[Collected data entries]
★ ★ ★

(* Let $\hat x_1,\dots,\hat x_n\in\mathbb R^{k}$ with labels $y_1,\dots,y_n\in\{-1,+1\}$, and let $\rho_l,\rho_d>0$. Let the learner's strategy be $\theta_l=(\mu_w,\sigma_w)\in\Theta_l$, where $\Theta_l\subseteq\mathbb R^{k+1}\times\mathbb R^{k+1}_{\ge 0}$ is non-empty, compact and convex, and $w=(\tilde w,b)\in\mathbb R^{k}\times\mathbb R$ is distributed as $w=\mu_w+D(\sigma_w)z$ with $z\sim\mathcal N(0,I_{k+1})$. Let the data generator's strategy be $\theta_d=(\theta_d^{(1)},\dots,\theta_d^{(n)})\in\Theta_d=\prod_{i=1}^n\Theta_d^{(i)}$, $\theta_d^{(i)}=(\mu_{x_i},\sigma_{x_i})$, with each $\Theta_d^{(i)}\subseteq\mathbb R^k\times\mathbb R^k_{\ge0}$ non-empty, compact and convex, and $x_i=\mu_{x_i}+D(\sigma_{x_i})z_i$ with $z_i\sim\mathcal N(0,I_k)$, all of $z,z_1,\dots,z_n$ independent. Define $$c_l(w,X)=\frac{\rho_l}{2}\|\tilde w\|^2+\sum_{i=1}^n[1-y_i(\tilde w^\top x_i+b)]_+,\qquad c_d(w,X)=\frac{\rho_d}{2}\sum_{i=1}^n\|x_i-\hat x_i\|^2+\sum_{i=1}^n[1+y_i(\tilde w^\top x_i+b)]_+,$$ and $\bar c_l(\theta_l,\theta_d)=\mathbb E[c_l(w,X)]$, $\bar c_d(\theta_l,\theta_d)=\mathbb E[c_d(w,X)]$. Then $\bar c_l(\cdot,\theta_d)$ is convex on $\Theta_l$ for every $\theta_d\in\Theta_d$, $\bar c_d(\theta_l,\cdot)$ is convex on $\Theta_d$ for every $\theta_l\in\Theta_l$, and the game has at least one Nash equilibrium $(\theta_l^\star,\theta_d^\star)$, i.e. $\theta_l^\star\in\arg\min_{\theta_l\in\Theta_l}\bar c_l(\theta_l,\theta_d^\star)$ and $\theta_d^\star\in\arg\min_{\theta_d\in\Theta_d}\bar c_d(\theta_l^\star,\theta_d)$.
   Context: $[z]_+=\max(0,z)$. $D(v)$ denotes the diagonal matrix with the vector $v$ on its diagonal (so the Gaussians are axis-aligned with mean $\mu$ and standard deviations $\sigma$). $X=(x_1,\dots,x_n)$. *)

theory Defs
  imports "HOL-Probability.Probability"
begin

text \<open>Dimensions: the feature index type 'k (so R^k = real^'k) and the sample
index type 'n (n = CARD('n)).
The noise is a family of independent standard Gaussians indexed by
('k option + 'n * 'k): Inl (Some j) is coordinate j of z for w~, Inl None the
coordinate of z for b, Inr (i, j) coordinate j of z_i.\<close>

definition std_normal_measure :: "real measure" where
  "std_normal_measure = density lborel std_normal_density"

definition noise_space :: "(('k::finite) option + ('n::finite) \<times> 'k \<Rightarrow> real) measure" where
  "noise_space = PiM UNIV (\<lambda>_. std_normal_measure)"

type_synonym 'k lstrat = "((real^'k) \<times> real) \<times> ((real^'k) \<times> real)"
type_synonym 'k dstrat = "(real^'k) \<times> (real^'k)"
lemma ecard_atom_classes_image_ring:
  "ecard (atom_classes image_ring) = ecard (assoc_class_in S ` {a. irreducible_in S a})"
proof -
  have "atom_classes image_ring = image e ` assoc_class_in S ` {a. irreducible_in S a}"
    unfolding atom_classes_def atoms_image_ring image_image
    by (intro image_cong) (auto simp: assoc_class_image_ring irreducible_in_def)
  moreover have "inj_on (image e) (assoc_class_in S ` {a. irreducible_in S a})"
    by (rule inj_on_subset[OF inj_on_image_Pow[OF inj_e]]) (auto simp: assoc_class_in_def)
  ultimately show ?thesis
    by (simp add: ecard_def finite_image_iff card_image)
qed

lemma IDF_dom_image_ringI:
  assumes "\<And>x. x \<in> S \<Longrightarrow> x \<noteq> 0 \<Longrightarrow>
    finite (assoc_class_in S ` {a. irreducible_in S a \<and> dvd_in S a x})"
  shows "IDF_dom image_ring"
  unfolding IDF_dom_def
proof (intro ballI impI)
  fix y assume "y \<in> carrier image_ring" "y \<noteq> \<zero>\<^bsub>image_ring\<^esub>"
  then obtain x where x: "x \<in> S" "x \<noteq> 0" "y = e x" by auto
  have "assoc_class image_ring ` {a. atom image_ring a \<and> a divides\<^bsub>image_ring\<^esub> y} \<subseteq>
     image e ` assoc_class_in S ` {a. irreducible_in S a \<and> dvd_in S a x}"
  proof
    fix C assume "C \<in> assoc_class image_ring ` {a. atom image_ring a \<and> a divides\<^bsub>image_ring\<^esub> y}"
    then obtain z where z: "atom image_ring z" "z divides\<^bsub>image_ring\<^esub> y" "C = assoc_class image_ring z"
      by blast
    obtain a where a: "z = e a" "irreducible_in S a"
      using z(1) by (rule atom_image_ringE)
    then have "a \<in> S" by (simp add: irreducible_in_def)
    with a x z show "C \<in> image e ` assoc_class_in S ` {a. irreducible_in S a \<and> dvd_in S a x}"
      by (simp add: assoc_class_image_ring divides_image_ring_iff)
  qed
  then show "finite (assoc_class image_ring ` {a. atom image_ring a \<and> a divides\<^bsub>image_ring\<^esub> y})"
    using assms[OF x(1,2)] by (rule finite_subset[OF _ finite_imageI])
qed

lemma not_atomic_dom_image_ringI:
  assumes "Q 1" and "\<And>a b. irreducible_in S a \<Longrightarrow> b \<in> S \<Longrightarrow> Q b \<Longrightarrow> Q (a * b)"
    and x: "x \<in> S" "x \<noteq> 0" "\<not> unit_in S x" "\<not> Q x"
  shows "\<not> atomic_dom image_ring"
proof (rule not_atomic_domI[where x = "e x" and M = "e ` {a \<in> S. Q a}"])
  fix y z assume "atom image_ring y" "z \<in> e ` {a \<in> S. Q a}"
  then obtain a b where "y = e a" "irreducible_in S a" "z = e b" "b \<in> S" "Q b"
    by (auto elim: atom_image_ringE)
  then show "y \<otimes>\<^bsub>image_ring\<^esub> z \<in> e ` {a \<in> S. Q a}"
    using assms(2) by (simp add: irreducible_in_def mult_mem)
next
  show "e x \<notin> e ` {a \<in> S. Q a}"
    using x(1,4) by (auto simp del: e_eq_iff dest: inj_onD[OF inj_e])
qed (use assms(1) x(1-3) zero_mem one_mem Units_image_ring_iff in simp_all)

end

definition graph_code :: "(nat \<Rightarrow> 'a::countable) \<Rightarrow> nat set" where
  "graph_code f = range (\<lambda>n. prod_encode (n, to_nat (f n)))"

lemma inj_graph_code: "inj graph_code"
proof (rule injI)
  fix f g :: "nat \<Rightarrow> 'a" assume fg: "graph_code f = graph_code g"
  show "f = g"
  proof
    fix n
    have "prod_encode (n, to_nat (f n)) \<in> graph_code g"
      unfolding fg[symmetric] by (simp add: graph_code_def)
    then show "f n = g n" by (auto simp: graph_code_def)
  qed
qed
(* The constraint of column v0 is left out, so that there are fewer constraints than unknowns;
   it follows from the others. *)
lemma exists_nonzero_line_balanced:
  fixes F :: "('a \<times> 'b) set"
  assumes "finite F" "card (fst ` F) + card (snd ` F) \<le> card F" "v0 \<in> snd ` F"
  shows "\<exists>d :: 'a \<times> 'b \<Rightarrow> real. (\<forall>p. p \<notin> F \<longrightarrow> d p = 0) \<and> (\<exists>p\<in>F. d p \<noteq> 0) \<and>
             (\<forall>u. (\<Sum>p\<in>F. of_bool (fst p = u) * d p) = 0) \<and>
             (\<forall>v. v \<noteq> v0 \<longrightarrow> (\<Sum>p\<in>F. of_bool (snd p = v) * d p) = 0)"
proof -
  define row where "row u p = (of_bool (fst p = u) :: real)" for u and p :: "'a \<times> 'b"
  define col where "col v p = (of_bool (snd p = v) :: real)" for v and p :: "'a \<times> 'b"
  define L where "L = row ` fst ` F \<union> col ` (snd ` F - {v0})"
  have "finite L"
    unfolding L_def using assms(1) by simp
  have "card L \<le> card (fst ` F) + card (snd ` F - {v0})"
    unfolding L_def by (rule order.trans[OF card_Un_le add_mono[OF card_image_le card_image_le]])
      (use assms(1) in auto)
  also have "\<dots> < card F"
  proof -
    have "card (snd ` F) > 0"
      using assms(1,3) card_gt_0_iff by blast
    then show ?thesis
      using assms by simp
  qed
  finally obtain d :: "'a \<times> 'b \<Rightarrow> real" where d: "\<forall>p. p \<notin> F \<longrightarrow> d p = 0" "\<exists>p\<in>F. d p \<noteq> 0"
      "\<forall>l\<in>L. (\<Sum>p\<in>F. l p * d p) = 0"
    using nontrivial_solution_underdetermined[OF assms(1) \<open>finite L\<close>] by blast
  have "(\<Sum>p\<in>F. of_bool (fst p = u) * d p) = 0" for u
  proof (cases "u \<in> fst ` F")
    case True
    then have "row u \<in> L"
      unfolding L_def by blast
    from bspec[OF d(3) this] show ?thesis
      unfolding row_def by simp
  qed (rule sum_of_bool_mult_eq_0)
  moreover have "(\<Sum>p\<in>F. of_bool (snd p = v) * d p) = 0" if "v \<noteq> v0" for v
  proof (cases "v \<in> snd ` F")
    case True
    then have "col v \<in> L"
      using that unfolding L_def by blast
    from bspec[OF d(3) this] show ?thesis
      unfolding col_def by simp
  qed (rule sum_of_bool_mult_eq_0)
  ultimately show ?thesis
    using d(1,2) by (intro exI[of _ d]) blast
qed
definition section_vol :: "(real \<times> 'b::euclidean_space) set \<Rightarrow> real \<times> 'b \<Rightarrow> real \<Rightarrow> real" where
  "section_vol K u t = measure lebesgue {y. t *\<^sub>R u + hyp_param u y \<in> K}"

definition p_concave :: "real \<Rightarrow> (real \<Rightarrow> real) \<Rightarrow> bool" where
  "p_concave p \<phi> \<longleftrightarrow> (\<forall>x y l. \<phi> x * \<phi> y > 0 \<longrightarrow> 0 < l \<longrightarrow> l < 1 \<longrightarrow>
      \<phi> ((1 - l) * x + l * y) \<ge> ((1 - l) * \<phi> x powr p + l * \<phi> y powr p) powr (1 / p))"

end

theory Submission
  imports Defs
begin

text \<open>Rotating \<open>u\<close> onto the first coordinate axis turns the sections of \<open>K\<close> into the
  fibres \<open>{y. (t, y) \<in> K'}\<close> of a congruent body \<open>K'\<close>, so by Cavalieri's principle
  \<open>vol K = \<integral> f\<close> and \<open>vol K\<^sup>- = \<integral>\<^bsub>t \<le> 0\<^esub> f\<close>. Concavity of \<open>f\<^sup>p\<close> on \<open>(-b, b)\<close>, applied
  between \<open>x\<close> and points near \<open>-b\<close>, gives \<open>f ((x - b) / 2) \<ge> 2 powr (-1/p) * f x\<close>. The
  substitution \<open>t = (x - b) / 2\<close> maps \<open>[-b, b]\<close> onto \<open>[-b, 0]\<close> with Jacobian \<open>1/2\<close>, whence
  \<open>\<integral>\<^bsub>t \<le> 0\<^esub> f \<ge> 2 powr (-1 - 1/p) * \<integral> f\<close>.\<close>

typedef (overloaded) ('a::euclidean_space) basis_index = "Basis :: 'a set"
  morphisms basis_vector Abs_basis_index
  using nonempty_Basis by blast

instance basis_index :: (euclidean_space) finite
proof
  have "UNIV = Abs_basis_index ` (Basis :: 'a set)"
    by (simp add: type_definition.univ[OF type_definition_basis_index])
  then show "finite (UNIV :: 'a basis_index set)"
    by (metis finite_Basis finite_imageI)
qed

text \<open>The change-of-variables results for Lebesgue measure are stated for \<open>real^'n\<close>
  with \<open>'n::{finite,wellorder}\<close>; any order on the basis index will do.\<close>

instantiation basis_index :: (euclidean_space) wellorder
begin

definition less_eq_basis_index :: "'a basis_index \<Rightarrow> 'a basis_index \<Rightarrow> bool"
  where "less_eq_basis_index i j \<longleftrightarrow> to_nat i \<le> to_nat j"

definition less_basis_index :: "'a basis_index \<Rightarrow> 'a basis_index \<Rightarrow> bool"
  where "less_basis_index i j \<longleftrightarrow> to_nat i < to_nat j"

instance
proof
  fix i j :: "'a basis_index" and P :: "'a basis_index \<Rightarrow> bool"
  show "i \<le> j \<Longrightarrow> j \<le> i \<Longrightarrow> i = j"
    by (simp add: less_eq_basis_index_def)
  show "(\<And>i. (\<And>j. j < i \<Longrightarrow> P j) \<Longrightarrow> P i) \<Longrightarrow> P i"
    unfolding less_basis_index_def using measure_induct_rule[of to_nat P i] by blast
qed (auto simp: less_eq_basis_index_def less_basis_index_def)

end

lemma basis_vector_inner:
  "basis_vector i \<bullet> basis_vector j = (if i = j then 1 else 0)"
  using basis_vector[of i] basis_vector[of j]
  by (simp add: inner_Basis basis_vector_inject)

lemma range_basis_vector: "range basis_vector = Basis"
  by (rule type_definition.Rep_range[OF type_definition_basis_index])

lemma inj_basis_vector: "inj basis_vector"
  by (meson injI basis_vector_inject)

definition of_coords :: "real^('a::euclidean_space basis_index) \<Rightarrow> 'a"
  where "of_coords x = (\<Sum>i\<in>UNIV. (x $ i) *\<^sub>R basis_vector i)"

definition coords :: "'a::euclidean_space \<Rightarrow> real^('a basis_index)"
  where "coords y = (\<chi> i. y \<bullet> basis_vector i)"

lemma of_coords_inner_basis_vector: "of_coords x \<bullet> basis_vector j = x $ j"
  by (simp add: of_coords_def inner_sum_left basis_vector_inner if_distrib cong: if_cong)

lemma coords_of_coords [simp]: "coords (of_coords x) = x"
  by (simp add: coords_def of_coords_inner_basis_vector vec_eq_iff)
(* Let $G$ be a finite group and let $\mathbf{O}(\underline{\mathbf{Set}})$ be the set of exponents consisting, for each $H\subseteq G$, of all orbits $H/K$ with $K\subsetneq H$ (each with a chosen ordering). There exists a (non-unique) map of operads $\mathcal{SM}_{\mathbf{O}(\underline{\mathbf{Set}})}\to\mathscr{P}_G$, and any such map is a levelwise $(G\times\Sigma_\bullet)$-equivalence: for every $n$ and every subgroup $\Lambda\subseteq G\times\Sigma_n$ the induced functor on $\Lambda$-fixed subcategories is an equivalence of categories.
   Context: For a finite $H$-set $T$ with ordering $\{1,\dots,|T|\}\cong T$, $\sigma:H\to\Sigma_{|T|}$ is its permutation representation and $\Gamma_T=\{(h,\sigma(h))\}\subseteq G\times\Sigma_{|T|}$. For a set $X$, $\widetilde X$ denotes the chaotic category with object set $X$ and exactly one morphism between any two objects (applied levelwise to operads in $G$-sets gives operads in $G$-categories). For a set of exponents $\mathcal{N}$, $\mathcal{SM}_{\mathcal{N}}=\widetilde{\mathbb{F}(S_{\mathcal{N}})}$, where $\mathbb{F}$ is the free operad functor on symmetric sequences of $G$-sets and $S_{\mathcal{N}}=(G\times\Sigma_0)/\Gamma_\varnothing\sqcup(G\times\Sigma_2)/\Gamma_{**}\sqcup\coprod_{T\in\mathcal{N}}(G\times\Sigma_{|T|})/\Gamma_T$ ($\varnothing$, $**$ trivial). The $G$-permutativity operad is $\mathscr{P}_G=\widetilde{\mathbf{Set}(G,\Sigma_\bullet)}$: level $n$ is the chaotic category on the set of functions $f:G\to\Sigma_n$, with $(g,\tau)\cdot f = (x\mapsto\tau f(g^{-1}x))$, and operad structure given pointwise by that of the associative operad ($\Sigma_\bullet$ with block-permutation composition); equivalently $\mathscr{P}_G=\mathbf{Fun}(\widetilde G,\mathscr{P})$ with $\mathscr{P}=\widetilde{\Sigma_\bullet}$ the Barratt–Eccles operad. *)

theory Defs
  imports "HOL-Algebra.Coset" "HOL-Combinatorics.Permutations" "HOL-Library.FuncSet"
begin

★ ★ ★

== The task ==
Above are the records. Copy the lines beginning at the one that has "type_synonym 'k dstrat" and ending with the one that has "by (intro image_cong)", unchanged.

== Result of this task ==
type_synonym 'k dstrat = "(real^'k) \<times> (real^'k)"
lemma ecard_atom_classes_image_ring:
  "ecard (atom_classes image_ring) = ecard (assoc_class_in S ` {a. irreducible_in S a})"
proof -
  have "atom_classes image_ring = image e ` assoc_class_in S ` {a. irreducible_in S a}"
    unfolding atom_classes_def atoms_image_ring image_image
    by (intro image_cong) (auto simp: assoc_class_image_ring irreducible_in_def)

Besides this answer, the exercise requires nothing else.